About this exercise = Whichever lines include the word "metis", copy them as they appear in the data.

******

(* Let $A$ be a unital ring and $p\in A$ a full idempotent, and suppose $\sum_{i=1}^n a_ipb_i=1$ for some $a_1,\dots,a_n,b_1,\dots,b_n\in A$. Then $\operatorname{sr}(pAp)\le n\cdot\operatorname{sr}(A)-n+1$.
   Context: An idempotent $p$ in a unital ring $A$ is full if $ApA=A$. A row $(a_1,\dots,a_n)\in A^n$ is right unimodular if $\sum_{i=1}^n a_iA=A$. A row $(a_1,\dots,a_n,b)\in A^{n+1}$ is reducible if there exist $c_1,\dots,c_n\in A$ such that $(a_1+bc_1,\dots,a_n+bc_n)$ is right unimodular. The (Bass) stable rank $\operatorname{sr}(A)$ is the least positive integer $n$ such that every right unimodular row in $A^{n+1}$ is reducible, or $\infty$ if no such $n$ exists (with the convention that the inequality is trivial if $\operatorname{sr}(A)=\infty$). *)

theory Defs
  imports Main "HOL-Library.Extended_Nat"
begin

text \<open>Since the corner ring pAp is not a type, all notions are
relativised to a subring given by a carrier set S with its own unit e.
For the whole ring A take S = UNIV and e = 1.
Rows of length n are functions a :: nat => 'a restricted to indices i < n.\<close>

definition full_idempotent :: "'a::ring_1 \<Rightarrow> bool" where
  "full_idempotent p \<longleftrightarrow> p * p = p \<and>
     (\<forall>x. \<exists>(k::nat) u v. x = (\<Sum>i<k. u i * p * v i))"

definition right_unimodular_on :: "'a::ring_1 set \<Rightarrow> 'a \<Rightarrow> nat \<Rightarrow> (nat \<Rightarrow> 'a) \<Rightarrow> bool" where
  "right_unimodular_on S e n a \<longleftrightarrow>
     (\<exists>x. (\<forall>i<n. x i \<in> S) \<and> (\<Sum>i<n. a i * x i) = e)"

definition reducible_on :: "'a::ring_1 set \<Rightarrow> 'a \<Rightarrow> nat \<Rightarrow> (nat \<Rightarrow> 'a) \<Rightarrow> 'a \<Rightarrow> bool" where
  "reducible_on S e n a b \<longleftrightarrow>
     (\<exists>c. (\<forall>i<n. c i \<in> S) \<and> right_unimodular_on S e n (\<lambda>i. a i + b * c i))"

definition sr_le :: "'a::ring_1 set \<Rightarrow> 'a \<Rightarrow> nat \<Rightarrow> bool" where
  "sr_le S e n \<longleftrightarrow>
     (\<forall>a b. (\<forall>i<n. a i \<in> S) \<and> b \<in> S \<and> right_unimodular_on S e (Suc n) (a(n := b))
        \<longrightarrow> reducible_on S e n a b)"

definition stable_rank_on :: "'a::ring_1 set \<Rightarrow> 'a \<Rightarrow> enat" where
  "stable_rank_on S e =
     (if \<exists>n>0. sr_le S e n then enat (LEAST n. n > 0 \<and> sr_le S e n) else \<infinity>)"

definition stable_rank :: "'a::ring_1 itself \<Rightarrow> enat" where
  "stable_rank _ = stable_rank_on (UNIV :: 'a set) 1"

definition corner :: "'a::ring_1 \<Rightarrow> 'a set" where
  "corner p = {p * x * p | x. True}"

end

theory Submission
  imports Defs
begin

text \<open>Write \<open>f = 1 - p\<close> and let \<open>(x\<^sub>0, ..., x\<^bsub>n(m-1)\<^esub>, y)\<close> be a unimodular row of
\<open>pAp\<close>, say \<open>\<Sum> x\<^sub>i r\<^sub>i + y s = p\<close>. Group the first \<open>n(m-1)\<close> entries into \<open>m-1\<close> blocks of
length \<open>n\<close>. Using \<open>\<Sum> a\<^sub>j p b\<^sub>j = 1\<close>, block \<open>k\<close> is compressed into the single entry
\<open>u\<^sub>k = \<Sum>\<^sub>j x\<^bsub>kn+j\<^esub> b\<^sub>j\<close> of \<open>A\<close> with coefficient \<open>t\<^sub>k = \<Sum>\<^sub>j a\<^sub>j r\<^bsub>kn+j\<^esub>\<close>, the last entry
becomes \<open>x\<^bsub>n(m-1)\<^esub> + f\<close> with coefficient \<open>r\<^bsub>n(m-1)\<^esub> + f\<close>, and what the compression
misses, \<open>v = y s + \<Sum> x\<^bsub>kn+j\<^esub> q\<^bsub>kj\<^esub>\<close> with \<open>q\<^bsub>kj\<^esub> = r\<^bsub>kn+j\<^esub> - p b\<^sub>j t\<^sub>k\<close>, is appended.
The resulting row \<open>(u, v)\<close> of length \<open>m + 1\<close> is unimodular over \<open>A\<close>
(\<open>lift_row\<close>, \<open>lift_coeff\<close>, \<open>lift_defect\<close>, \<open>lift_last\<close> below). A reduction
\<open>\<Sum> (u\<^sub>k + v c\<^sub>k) z\<^sub>k = 1\<close>, which exists as \<open>sr(A) \<le> m\<close>, is expanded back through the
\<open>a\<^sub>j\<close> into a reduction of the original row inside \<open>pAp\<close> (\<open>descent_shift\<close>,
\<open>descent_coeff\<close>); the expansion is exact because \<open>\<Sum>\<^sub>j a\<^sub>j p q\<^bsub>kj\<^esub> = 0\<close>.\<close>

lemma mem_corner_iff:
  fixes p :: "'a::ring_1"
  assumes "p * p = p"
  shows "z \<in> corner p \<longleftrightarrow> p * z = z \<and> z * p = z"
proof
  assume "z \<in> corner p"
  then obtain w where "z = p * w * p" by (auto simp: corner_def)
  then show "p * z = z \<and> z * p = z" by (metis assms mult.assoc)
next
  assume "p * z = z \<and> z * p = z"
  then have "z = p * z * p" by simp
  then show "z \<in> corner p" by (auto simp: corner_def)
qed

lemma sum_lessThan_mult_blocks:
  fixes n M :: nat
  shows "(\<Sum>i<n * M. g i :: 'a::comm_monoid_add) = (\<Sum>k<M. \<Sum>j<n. g (k * n + j))"
proof -
  have "sum g {k * n..<k * n + n} = (\<Sum>j<n. g (k * n + j))" for k
    using sum.shift_bounds_nat_ivl[of g 0 "k * n" n] by (simp add: atLeast0LessThan ac_simps)
  then show ?thesis by (simp flip: sum.nat_group add: mult.commute)
qed

lemma block_index_less:
  fixes k j n M :: nat
  assumes "k < M" "j < n"
  shows "k * n + j < n * M"
proof -
  have "Suc k * n \<le> M * n" using assms(1) by (intro mult_le_mono1) simp
  then show ?thesis using assms(2) by (simp add: mult.commute)
qed

lemma block_index_div_mod:
  fixes i n M :: nat
  assumes "i < n * M"
  shows "i div n < M" "i mod n < n"
proof -
  have "0 < n" using assms by (cases n) auto
  then show "i div n < M" "i mod n < n"
    using assms by (simp_all add: div_less_iff_less_mult mult.commute)
qed

lemma stable_rank_eq_enatD:
  assumes "stable_rank TYPE('a::ring_1) = enat m"
  shows "0 < m" and "sr_le (UNIV::'a set) 1 m"
proof -
  have ex: "\<exists>n>0. sr_le (UNIV::'a set) 1 n"
    using assms unfolding stable_rank_def stable_rank_on_def by (auto split: if_splits)
  then have "m = (LEAST n. n > 0 \<and> sr_le (UNIV::'a set) 1 n)"
    using assms unfolding stable_rank_def stable_rank_on_def by auto
  then show "0 < m" and "sr_le (UNIV::'a set) 1 m"
    using LeastI_ex[OF ex] by simp_all
qed

lemma stable_rank_on_le_enat:
  assumes "0 < N" "sr_le S e N"
  shows "stable_rank_on S e \<le> enat N"
proof -
  have "(LEAST n. n > 0 \<and> sr_le S e n) \<le> N" using assms by (intro Least_le) simp
  then show ?thesis using assms unfolding stable_rank_on_def by auto
qed

locale corner_presentation =
  fixes p :: "'a::ring_1" and n :: nat and a b :: "nat \<Rightarrow> 'a"
  assumes idem: "p * p = p"
    and unit_decomp: "(\<Sum>j<n. a j * p * b j) = 1"
begin

lemmas corner_iff = mem_corner_iff[OF idem]

declare idem [simp]

lemma idem_assoc [simp]: "p * (p * z) = p * z" "z * p * p = z * p"
  by (metis idem mult.assoc)+

lemma complement_orthogonal [simp]:
  "(1 - p) * p = 0" "p * (1 - p) = 0" "(1 - p) * (1 - p) = 1 - p"
  by (simp_all add: algebra_simps idem)

end

locale unimodular_corner_row = corner_presentation +
  fixes M :: nat and x r :: "nat \<Rightarrow> 'a::ring_1" and y s :: 'a
  assumes x_corner: "i \<le> n * M \<Longrightarrow> x i \<in> corner p"
    and r_corner: "i \<le> n * M \<Longrightarrow> r i \<in> corner p"
    and y_corner: "y \<in> corner p" and s_corner: "s \<in> corner p"
    and row_sum: "(\<Sum>i<n * M. x i * r i) + x (n * M) * r (n * M) + y * s = p"
begin

lemma x_absorbs_p:
  assumes "i \<le> n * M"
  shows "p * x i = x i" "x i * p = x i" "x i * (p * z) = x i * z" "x i * (1 - p) = 0"
  using x_corner[OF assms] by (auto simp: corner_iff right_diff_distrib simp flip: mult.assoc)

lemma x_block_absorbs_p:
  assumes "k < M" "j < n"
  shows "p * x (k * n + j) = x (k * n + j)" "x (k * n + j) * p = x (k * n + j)"
    "x (k * n + j) * (p * z) = x (k * n + j) * z"
  using x_absorbs_p block_index_less[OF assms] by simp_all

lemma r_absorbs_p:
  assumes "i \<le> n * M"
  shows "p * r i = r i" "(1 - p) * r i = 0"
  using r_corner[OF assms] by (auto simp: corner_iff left_diff_distrib)

definition lift_row :: "nat \<Rightarrow> 'a" where
  "lift_row k = (if k < M then (\<Sum>j<n. x (k * n + j) * b j) else x (n * M) + (1 - p))"

definition lift_coeff :: "nat \<Rightarrow> 'a" where
  "lift_coeff k = (if k < M then (\<Sum>j<n. a j * r (k * n + j)) else r (n * M) + (1 - p))"

definition lift_defect :: "nat \<Rightarrow> nat \<Rightarrow> 'a" where
  "lift_defect k j = r (k * n + j) - p * b j * lift_coeff k"

definition lift_last :: 'a where
  "lift_last = y * s + (\<Sum>k<M. \<Sum>j<n. x (k * n + j) * lift_defect k j)"

lemma lift_block_identity:
  assumes "k < M"
  shows "lift_row k * lift_coeff k + (\<Sum>j<n. x (k * n + j) * lift_defect k j)
    = (\<Sum>j<n. x (k * n + j) * r (k * n + j))"
proof -
  have "x (k * n + j) * b j * lift_coeff k + x (k * n + j) * lift_defect k j
      = x (k * n + j) * r (k * n + j)" if "j < n" for j
    using x_block_absorbs_p(3)[OF assms that]
    by (simp add: lift_defect_def right_diff_distrib mult.assoc)
  then show ?thesis
    using assms by (simp add: lift_row_def sum_distrib_right flip: sum.distrib)
qed

lemma lift_last_identity: "lift_row M * lift_coeff M = x (n * M) * r (n * M) + (1 - p)"
  using x_absorbs_p(4) r_absorbs_p(2) by (simp add: lift_row_def lift_coeff_def algebra_simps)

lemma lift_row_sum: "(\<Sum>k<Suc M. lift_row k * lift_coeff k) + lift_last = 1"
proof -
  have "(\<Sum>k<M. lift_row k * lift_coeff k) + (\<Sum>k<M. \<Sum>j<n. x (k * n + j) * lift_defect k j)
      = (\<Sum>i<n * M. x i * r i)"
    by (simp add: lift_block_identity sum_lessThan_mult_blocks flip: sum.distrib)
  then have "(\<Sum>k<Suc M. lift_row k * lift_coeff k) + lift_last
      = ((\<Sum>i<n * M. x i * r i) + x (n * M) * r (n * M) + y * s) + (1 - p)"
    by (simp add: lift_last_def lift_last_identity algebra_simps)
  then show ?thesis by (simp add: row_sum)
qed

******

Output below =
  then show "p * z = z \<and> z * p = z" by (metis assms mult.assoc)
  by (metis idem mult.assoc)+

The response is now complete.